Não é verdade, como geralmente se diz, que as grandes empresas monopolizam a inovação. Pelo contrário, os últimos cinquenta anos foram preeminentemente anos em que pequenas empresas e, muitas vezes, empresas novas e totalmente desconhecidas produziram uma parcela muito grande das inovações mais eficazes. A Xerox não era nada mais do que um pequeno comércio de papel em mil novecentos e cinquenta. Mesmo a IBM ainda era uma pequena companhia, e um simples pigmeu, em seu próprio setor de equipamentos de escritório, durante a Segunda Guerra Mundial. Muitos dos gigantes farmacêuticos de hoje eram pequenas companhias ou mal existiam no final da Segunda Guerra Mundial, e assim por diante.
Mas, ainda assim, cada vez mais, o maior esforço em mudança tecnológica está no desenvolvimento e a na introdução no mercado. Estas atividades não requerem genialidade; requerem uma grande quantidade de gente competente e grandes somas de capital. Estes dois requisitos são, de fato, encontrados em instituições estabelecidas, sejam empresas ou governos.
No geral, as empresas existentes precisarão se transformar em organizações inovadoras. Nos últimos cinquenta a setenta e cinco anos, a ênfase tem sido, apropriadamente, em administrar aquilo que já é conhecido e entendido. Pois o ritmo da inovação tecnológica ( e até mesmo o ritmo da mudança econômica ) nos últimos setenta e cinco anos foi especialmente lento, ao contrário da crença popular.
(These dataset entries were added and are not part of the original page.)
(* Let $r \ge 3$ and $n \ge \frac{1}{3} r^4$. Let $\mathcal{H}$ be an intersecting $r$-uniform $n$-vertex hypergraph with $\delta_{r-1}^+(\mathcal{H}) \ge 2$ having the maximum number of hyperedges among all intersecting $r$-uniform $n$-vertex hypergraphs with minimum positive co-degree at least $2$. Then $\mathcal{H}$ is a $2$-kernel system.
   Context: A hypergraph is intersecting if every two of its hyperedges share at least one vertex. For a non-empty $r$-uniform hypergraph $\mathcal{H}$, the minimum positive co-degree $\delta_{r-1}^+(\mathcal{H})$ is the largest integer $k$ such that every $(r-1)$-set of vertices that is contained in at least one hyperedge of $\mathcal{H}$ is contained in at least $k$ distinct hyperedges of $\mathcal{H}$; for the empty hypergraph it is $0$. Given integers $r \ge k \ge 1$, an $r$-uniform $k$-kernel system on vertex set $V$ is a hypergraph whose hyperedge set is $\{E \in \binom{V}{r} : |E \cap X| \ge k\}$ for some set $X \subseteq V$ with $|X| = 2k-1$. *)

theory Defs
  imports Main
begin

definition uniform_hg :: "nat \<Rightarrow> 'a set \<Rightarrow> 'a set set \<Rightarrow> bool" where
  "uniform_hg r V H \<longleftrightarrow> (\<forall>E\<in>H. E \<subseteq> V \<and> card E = r)"

definition intersecting :: "'a set set \<Rightarrow> bool" where
  "intersecting H \<longleftrightarrow> (\<forall>E\<in>H. \<forall>F\<in>H. E \<inter> F \<noteq> {})"

definition codeg :: "'a set set \<Rightarrow> 'a set \<Rightarrow> nat" where
  "codeg H S = card {E\<in>H. S \<subseteq> E}"

definition min_pos_codeg :: "nat \<Rightarrow> 'a set set \<Rightarrow> nat" where
  "min_pos_codeg r H =
     (if H = {} then 0
      else GREATEST k. \<forall>S. card S = r - 1 \<and> (\<exists>E\<in>H. S \<subseteq> E) \<longrightarrow> k \<le> codeg H S)"

definition kernel_system :: "nat \<Rightarrow> nat \<Rightarrow> 'a set \<Rightarrow> 'a set set \<Rightarrow> bool" where
  "kernel_system r k V H \<longleftrightarrow>
     (\<exists>X. X \<subseteq> V \<and> card X = 2 * k - 1 \<and>
          H = {E. E \<subseteq> V \<and> card E = r \<and> card (E \<inter> X) \<ge> k})"

end

theory Submission
  imports Defs
begin

text \<open>The 2-kernel system on any 3-set of vertices is intersecting with minimum positive
co-degree 2, so by maximality \<open>H\<close> has at least
\<open>C(n-2, r-2) + 2 C(n-3, r-2)\<close> edges. Co-degree at least 2 means that for every edge \<open>E\<close>
and \<open>v \<in> E\<close> some edge contains \<open>E - {v}\<close> but not \<open>v\<close>. Hence no vertex covers the edges,
and if \<open>{a, b}\<close> covers them, exchanging \<open>a\<close> for \<open>b\<close> in an edge through \<open>a\<close> but not \<open>b\<close>
gives another edge.

If no pair covers the edges, a fixed edge, an edge avoiding each of its vertices and an edge
avoiding each such pair show that every edge contains one of at most \<open>r^3\<close> triples, so there
are at most \<open>r^3 C(n-3, r-3)\<close> edges. If \<open>{a, b}\<close> covers the edges and for every further
vertex \<open>c\<close> some edge contains \<open>a\<close> but neither \<open>b\<close> nor \<open>c\<close>, the same argument puts every
edge through \<open>a\<close> but not \<open>b\<close> above one of \<open>(r-1)^2\<close> triples through \<open>a\<close>, and exchange
shows there are no more edges through \<open>b\<close> but not \<open>a\<close>; this gives at most
\<open>C(n-2, r-2) + 2 (r-1)^2 C(n-3, r-3)\<close> edges. For \<open>3n \<ge> r^4\<close> both bounds are below the
lower bound. So some \<open>c\<close> lies on every edge through \<open>a\<close> but not \<open>b\<close>; then every edge meets
\<open>{a, b, c}\<close> twice, and maximality forces equality with the kernel system.\<close>

lemma Suc_times_binomial_Suc: "Suc k * (N choose Suc k) = (N - k) * (N choose k)"
  using times_binomial_minus1_eq[of "Suc k" N] binomial_absorb_comp[of N k] by simp
(* Let $H$ be a $d\times d$ Hermitian matrix and $1/d<t<1$. Then there exists a density operator $\rho^*$ with $\mathrm{Tr}((\rho^* )^2)=t$ that maximizes $\mathrm{Tr}(\rho H)$ over $S^t$, and any such $\rho^*$ is an optimizer of the (non-convex) problem $$\min\{\|\rho-H\|_2:\ \rho\succeq0,\ \mathrm{Tr}\rho=1,\ \mathrm{Tr}(\rho^2)=t\}.$$
   Context: $S^t=\{\rho\in\mathcal{L}(\mathbb{C}^d):\rho\succeq 0,\ \mathrm{Tr}\rho=1,\ \mathrm{Tr}(\rho^2)\le t\}$; $\|\cdot\|_2$ is the Frobenius norm. *)

theory Defs
  imports "HOL-Analysis.Analysis"
begin

text \<open>Complex d x d matrices are modelled as complex^'n^'n with d = CARD('n).\<close>

definition conj_transpose :: "complex^'n^'n \<Rightarrow> complex^'n^'n" where
  "conj_transpose A = (\<chi> i j. cnj (A $ j $ i))"

definition hermitian :: "complex^'n^'n \<Rightarrow> bool" where
  "hermitian A \<longleftrightarrow> conj_transpose A = A"

definition qform :: "complex^'n^'n \<Rightarrow> complex^'n \<Rightarrow> complex" where
  "qform A x = (\<Sum>i\<in>UNIV. \<Sum>j\<in>UNIV. cnj (x $ i) * A $ i $ j * x $ j)"

definition psd :: "complex^'n^'n \<Rightarrow> bool" where
  "psd A \<longleftrightarrow> (\<forall>x. Im (qform A x) = 0 \<and> 0 \<le> Re (qform A x))"

definition frob_norm :: "complex^'n^'n \<Rightarrow> real" where
  "frob_norm A = sqrt (\<Sum>i\<in>UNIV. \<Sum>j\<in>UNIV. (cmod (A $ i $ j))\<^sup>2)"

text \<open>S^t = {rho psd, Tr rho = 1, Tr(rho^2) <= t}.  Tr(rho^2) is real for psd rho.\<close>
definition St :: "real \<Rightarrow> (complex^'n^'n) set" where
  "St t = {\<rho>. psd \<rho> \<and> trace \<rho> = 1 \<and> Re (trace (\<rho> ** \<rho>)) \<le> t}"

end

theory Submission
  imports Defs
begin

text \<open>
  Identify complex matrices with the Euclidean space of their entries: the Frobenius norm is
  the Euclidean norm, \<open>Re (Tr (\<rho> H))\<close> is the inner product of \<open>\<rho>\<close> with a Hermitian \<open>H\<close>, and
  \<open>Tr (\<rho>\<^sup>2) = \<parallel>\<rho>\<parallel>\<^sup>2\<close> for psd \<open>\<rho>\<close>.  Hence on the sphere \<open>Tr (\<rho>\<^sup>2) = t\<close> we have
  \<open>\<parallel>\<rho> - H\<parallel>\<^sup>2 = t - 2 Re (Tr (\<rho> H)) + \<parallel>H\<parallel>\<^sup>2\<close>, and a maximiser of the overlap on that sphere is a
  nearest point to \<open>H\<close>.

  For existence, \<open>S\<^sup>t\<close> is compact, so the overlap attains its maximum at some \<open>\<rho>\<^sub>0\<close>.  Let \<open>v\<close> be a
  unit vector maximising the Rayleigh quotient of \<open>H\<close>, with value \<open>\<lambda>\<close>.  Since \<open>\<lambda> I - H\<close> is psd and
  the trace of a product of psd matrices is nonnegative (write one factor as a sum of rank-one
  matrices), every density matrix has overlap at most \<open>\<lambda> = Tr (v v\<^sup>* H)\<close>.  Along the segment from
  \<open>\<rho>\<^sub>0\<close> to \<open>v v\<^sup>*\<close> the overlap therefore does not decrease, while the purity moves continuously
  from at most \<open>t\<close> to \<open>1 \<ge> t\<close>; the point of purity exactly \<open>t\<close> is the required maximiser.
\<close>

lemma trace_matrix_mult: "trace (X ** Y) = (\<Sum>i\<in>UNIV. \<Sum>k\<in>UNIV. X$i$k * Y$k$i)"
  by (simp add: trace_def matrix_matrix_mult_def)

lemma trace_mult_add_left:
  fixes X Y Z :: "'a::comm_semiring_1^'n^'n"
  shows "trace ((X + Y) ** Z) = trace (X ** Z) + trace (Y ** Z)"
  by (simp add: trace_matrix_mult algebra_simps sum.distrib)

lemma trace_mult_diff_right:
  fixes X Y Z :: "'a::comm_ring_1^'n^'n"
  shows "trace (X ** (Y - Z)) = trace (X ** Y) - trace (X ** Z)"
  by (simp add: trace_matrix_mult algebra_simps sum_subtractf)

lemma trace_mult_scaleR_left:
  fixes X Y :: "complex^'n^'n"
  shows "trace ((a *\<^sub>R X) ** Y) = complex_of_real a * trace (X ** Y)"
  unfolding trace_matrix_mult vector_scaleR_component
  unfolding scaleR_conv_of_real
  by (simp add: sum_distrib_left mult.assoc)

lemma trace_scaleR:
  fixes X :: "complex^'n^'n"
  shows "trace (a *\<^sub>R X) = complex_of_real a * trace X"
  unfolding trace_def vector_scaleR_component
  unfolding scaleR_conv_of_real
  by (simp add: sum_distrib_left)

lemma trace_mult_mat_right:
  fixes X :: "'a::comm_semiring_1^'n^'n"
  shows "trace (X ** mat c) = trace X * c"
  unfolding trace_matrix_mult
  by (simp add: trace_def mat_def if_distrib if_distribR sum_distrib_right cong: if_cong)

lemma power2_norm_vec: "(norm (x::'a::real_normed_vector^'n))\<^sup>2 = (\<Sum>i\<in>UNIV. (norm (x$i))\<^sup>2)"
  unfolding norm_vec_def L2_set_def by (simp add: sum_nonneg)

lemma frob_norm_eq_norm: "frob_norm A = norm A"
  unfolding frob_norm_def by (rule real_sqrt_unique) (simp_all add: power2_norm_vec)

lemma cnj_mult_self: "cnj z * z = complex_of_real ((cmod z)\<^sup>2)"
  by (simp only: complex_norm_square mult.commute)

lemma sum_cnj_mult_self: "(\<Sum>i\<in>UNIV. cnj (x$i) * x$i) = complex_of_real ((norm (x::complex^'n))\<^sup>2)"
  by (simp add: power2_norm_vec cnj_mult_self)

section \<open>Quadratic forms and positive semidefinite matrices\<close>

definition sesq :: "complex^'n^'n \<Rightarrow> complex^'n \<Rightarrow> complex^'n \<Rightarrow> complex" where
  "sesq A x y = (\<Sum>i\<in>UNIV. \<Sum>j\<in>UNIV. cnj (x $ i) * A $ i $ j * y $ j)"

lemma qform_eq_sesq: "qform A x = sesq A x x"
  by (simp add: qform_def sesq_def)

lemma sesq_add_left: "sesq A (x + y) z = sesq A x z + sesq A y z"
  by (simp add: sesq_def algebra_simps sum.distrib)

lemma sesq_add_right: "sesq A x (y + z) = sesq A x y + sesq A x z"
  by (simp add: sesq_def algebra_simps sum.distrib)

lemma qform_add: "qform A (x + y) = qform A x + qform A y + sesq A x y + sesq A y x"
  by (simp add: qform_eq_sesq sesq_add_left sesq_add_right)

lemma sesq_axis_left: "sesq A (axis i c) x = cnj c * (\<Sum>l\<in>UNIV. A$i$l * x$l)"
  unfolding sesq_def
  by (subst sum.swap) (simp add: axis_def if_distrib if_distribR sum_distrib_left mult.assoc cong: if_cong)

lemma sesq_axis_right: "sesq A x (axis i c) = (\<Sum>k\<in>UNIV. cnj (x$k) * A$k$i) * c"
  by (simp add: sesq_def axis_def if_distrib if_distribR sum_distrib_right cong: if_cong)

lemma sesq_axis_axis: "sesq A (axis i a) (axis j b) = cnj a * A$i$j * b"
  unfolding sesq_axis_left by (simp add: axis_def if_distrib if_distribR cong: if_cong)

lemma qform_axis: "qform A (axis i c) = cnj c * A$i$i * c"
  by (simp add: qform_eq_sesq sesq_axis_axis)

lemma qform_axis_add_axis:
  "qform A (axis i a + axis j c)
     = cnj a * A$i$i * a + cnj c * A$j$j * c + cnj a * A$i$j * c + cnj c * A$j$i * a"
  by (simp add: qform_add qform_axis sesq_axis_axis)

lemma qform_matrix_add: "qform (A + B) x = qform A x + qform B x"
  by (simp add: qform_def algebra_simps sum.distrib)

lemma qform_matrix_diff: "qform (A - B) x = qform A x - qform B x"
  by (simp add: qform_def algebra_simps sum_subtractf)

lemma qform_matrix_scaleR: "qform (a *\<^sub>R A) x = complex_of_real a * qform A x"
  unfolding qform_def vector_scaleR_component
  unfolding scaleR_conv_of_real
  by (simp add: algebra_simps sum_distrib_left)

lemma qform_scaleR: "qform A (c *\<^sub>R x) = complex_of_real (c\<^sup>2) * qform A x"
  unfolding qform_def vector_scaleR_component
  unfolding scaleR_conv_of_real
  by (simp add: sum_distrib_left mult_ac power2_eq_square)

lemma qform_mat: "qform (mat c) x = c * complex_of_real ((norm x)\<^sup>2)"
proof -
  have "qform (mat c) x = c * (\<Sum>i\<in>UNIV. cnj (x$i) * x$i)"
    by (simp add: qform_def mat_def if_distrib if_distribR sum_distrib_left mult_ac cong: if_cong)
  then show ?thesis by (simp only: sum_cnj_mult_self)
qed

lemma psd_add: "psd A \<Longrightarrow> psd B \<Longrightarrow> psd (A + B)"
  by (simp add: psd_def qform_matrix_add)

lemma psd_scaleR: "psd A \<Longrightarrow> 0 \<le> a \<Longrightarrow> psd (a *\<^sub>R A)"
  by (simp add: psd_def qform_matrix_scaleR)

lemma psd_diag:
  assumes "psd A"
  shows "Im (A$i$i) = 0" and "0 \<le> Re (A$i$i)"
  using assms[unfolded psd_def, rule_format, of "axis i 1"] by (auto simp: qform_axis)

lemma psd_cnj_entry:
  assumes "psd A"
  shows "A$j$i = cnj (A$i$j)"
proof -
  have "Im (qform A (axis i 1 + axis j 1)) = 0" and "Im (qform A (axis i 1 + axis j \<i>)) = 0"
    using assms by (auto simp: psd_def)
  then have "Im (A$i$j + A$j$i) = 0" and "Re (A$i$j - A$j$i) = 0"
    using psd_diag[OF assms, of i] psd_diag[OF assms, of j] by (auto simp: qform_axis_add_axis)
  then show ?thesis by (simp add: complex_eq_iff)
qed

lemma psd_zero_diag_row:
  assumes "psd A" and "A$i$i = 0"
  shows "A$i$j = 0"
proof (rule ccontr)
  assume "A$i$j \<noteq> 0"
  define m where "m = (cmod (A$i$j))\<^sup>2"
  have m: "m > 0" using \<open>A$i$j \<noteq> 0\<close> by (simp add: m_def)
  define s where "s = (Re (A$j$j) + 1) / m"
  define c where "c = - complex_of_real s * A$i$j"
  have "0 \<le> Re (qform A (axis j 1 + axis i c))"
    using assms(1) by (simp add: psd_def)
  also have "qform A (axis j 1 + axis i c) = A$j$j + (c * cnj (A$i$j) + cnj c * A$i$j)"
    using assms(2) psd_cnj_entry[OF assms(1), of j i] by (simp add: qform_axis_add_axis)
  also have "c * cnj (A$i$j) + cnj c * A$i$j = - 2 * complex_of_real s * (A$i$j * cnj (A$i$j))"
    by (simp add: c_def algebra_simps)
  also have "A$i$j * cnj (A$i$j) = complex_of_real m"
    by (simp only: m_def complex_norm_square)
  also have "Re (A$j$j + - 2 * complex_of_real s * complex_of_real m) = - Re (A$j$j) - 2"
    using m by (simp add: s_def field_simps)
  finally show False using psd_diag(2)[OF assms(1), of j] by simp
qed

text \<open>Cauchy--Schwarz for the semi-inner product \<open>x\<^sup>* A y\<close>, with \<open>y\<close> the \<open>i\<close>-th unit vector.\<close>
lemma psd_column_bound:
  assumes "psd A" and "0 < Re (A$i$i)"
  shows "(cmod (\<Sum>k\<in>UNIV. cnj (x$k) * A$k$i))\<^sup>2 \<le> Re (A$i$i) * Re (qform A x)"
proof -
  define b where "b = (\<Sum>k\<in>UNIV. cnj (x$k) * A$k$i)"
  define r where "r = Re (A$i$i)"
  have r: "r > 0" using assms(2) by (simp add: r_def)
  have Aii: "A$i$i = complex_of_real r"
    using psd_diag(1)[OF assms(1), of i] by (simp add: r_def complex_eq_iff)
  have row: "(\<Sum>l\<in>UNIV. A$i$l * x$l) = cnj b"
    unfolding b_def by (simp add: psd_cnj_entry[OF assms(1), of _ i] mult.commute)
  define c where "c = - complex_of_real (1 / r) * cnj b"
  have "0 \<le> Re (qform A (x + axis i c))"
    using assms(1) by (simp add: psd_def)
  also have "qform A (x + axis i c) = qform A x + cnj c * A$i$i * c + b * c + cnj c * cnj b"
    by (simp add: qform_add qform_axis sesq_axis_right sesq_axis_left row b_def)
  also have "Re \<dots> = Re (qform A x) - (cmod b)\<^sup>2 / r"
    using r by (simp add: c_def Aii algebra_simps flip: complex_norm_square)
  finally show ?thesis
    using r by (simp add: b_def r_def field_simps)
qed

section \<open>Rank-one decomposition of psd matrices\<close>

definition rank_one :: "complex^'n \<Rightarrow> complex^'n^'n" where
  "rank_one v = (\<chi> i j. v$i * cnj (v$j))"

lemma qform_rank_one:
  "qform (rank_one v) x = complex_of_real ((cmod (\<Sum>i\<in>UNIV. cnj (x$i) * v$i))\<^sup>2)"
proof -
  define \<beta> where "\<beta> = (\<Sum>i\<in>UNIV. cnj (x$i) * v$i)"
  have "\<beta> * cnj \<beta> = (\<Sum>i\<in>UNIV. cnj (x$i) * v$i) * (\<Sum>j\<in>UNIV. cnj (v$j) * x$j)"
    by (simp add: \<beta>_def mult.commute)
  then have "qform (rank_one v) x = \<beta> * cnj \<beta>"
    by (simp add: qform_def rank_one_def sum_product mult_ac)
  then show ?thesis
    unfolding \<beta>_def complex_norm_square .
qed

lemma psd_rank_one: "psd (rank_one v)"
  by (simp add: psd_def qform_rank_one)

lemma trace_rank_one: "trace (rank_one v) = complex_of_real ((norm v)\<^sup>2)"
  unfolding trace_def rank_one_def sum_cnj_mult_self[symmetric] by (simp add: mult.commute)

lemma trace_rank_one_mult: "trace (rank_one v ** A) = qform A v"
  unfolding trace_matrix_mult qform_def rank_one_def
  by (subst sum.swap) (simp add: mult_ac)

text \<open>One step of a Cholesky factorisation; the remainder is a Schur complement.\<close>
lemma psd_diff_rank_one_column:
  fixes \<rho> :: "complex^'n^'n"
  assumes psd: "psd \<rho>" and r: "0 < Re (\<rho>$i$i)"
  defines "w \<equiv> \<chi> k. \<rho>$k$i / complex_of_real (sqrt (Re (\<rho>$i$i)))"
  shows "psd (\<rho> - rank_one w)" and "(\<rho> - rank_one w)$i$i = 0"
    and "\<rho>$k$k = 0 \<Longrightarrow> (\<rho> - rank_one w)$k$k = 0"
proof -
  define r where "r = Re (\<rho>$i$i)"
  have "r > 0" using assms by (simp add: r_def)
  have \<rho>ii: "\<rho>$i$i = complex_of_real r"
    using psd_diag(1)[OF psd, of i] by (simp add: r_def complex_eq_iff)
  have rank_one_w: "rank_one w $k$l = \<rho>$k$i * \<rho>$i$l / complex_of_real r" for k l
  proof -
    have "complex_of_real (sqrt r) * complex_of_real (sqrt r) = complex_of_real r"
      using \<open>r > 0\<close> by (simp flip: of_real_mult)
    then show ?thesis
      using psd_cnj_entry[OF psd, of i l] \<open>r > 0\<close>
      by (simp add: rank_one_def w_def r_def[symmetric] field_simps)
  qed
  show "psd (\<rho> - rank_one w)"
    unfolding psd_def
  proof
    fix x
    define b where "b = (\<Sum>k\<in>UNIV. cnj (x$k) * \<rho>$k$i)"
    have "(\<Sum>k\<in>UNIV. cnj (x$k) * w$k) = b / complex_of_real (sqrt r)"
      by (simp add: b_def w_def r_def sum_divide_distrib)
    then have "qform (\<rho> - rank_one w) x = qform \<rho> x - complex_of_real ((cmod b)\<^sup>2 / r)"
      using \<open>r > 0\<close> by (simp add: qform_matrix_diff qform_rank_one norm_divide power_divide)
    moreover have "(cmod b)\<^sup>2 / r \<le> Re (qform \<rho> x)"
      using psd_column_bound[OF psd r, of x] \<open>r > 0\<close> by (simp add: b_def r_def field_simps)
    ultimately show "Im (qform (\<rho> - rank_one w) x) = 0 \<and> 0 \<le> Re (qform (\<rho> - rank_one w) x)"
      using psd by (simp add: psd_def)
  qed
  show "(\<rho> - rank_one w)$i$i = 0"
    using \<open>r > 0\<close> by (simp add: rank_one_w \<rho>ii)
  show "(\<rho> - rank_one w)$k$k = 0" if "\<rho>$k$k = 0"
    using that psd_zero_diag_row[OF psd that, of i] by (simp add: rank_one_w)
qed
Agora a empresa precisará tornar-se novamente empreendedora. A função empreendedora, como viu claramente o primeiro economista da Europa continental, J.B.Say ( que viveu entre mil setecentos e sessenta e sete e mil oitocentos e trinta e dois ) há quase dois séculos, consiste em transferir os recursos existentes das áreas de menor produtividade para as áreas de maior produtividade. Não significa, portanto, criar riqueza descobrindo novos continentes, e sim descobrindo novos e melhores usos para os recursos existentes e para os potenciais econômicos conhecidos e já explorados. A tecnologia, embora não seja a única utilizada para este fim, é uma ferramenta importante, podendo até mesmo ser considerada a mais importante.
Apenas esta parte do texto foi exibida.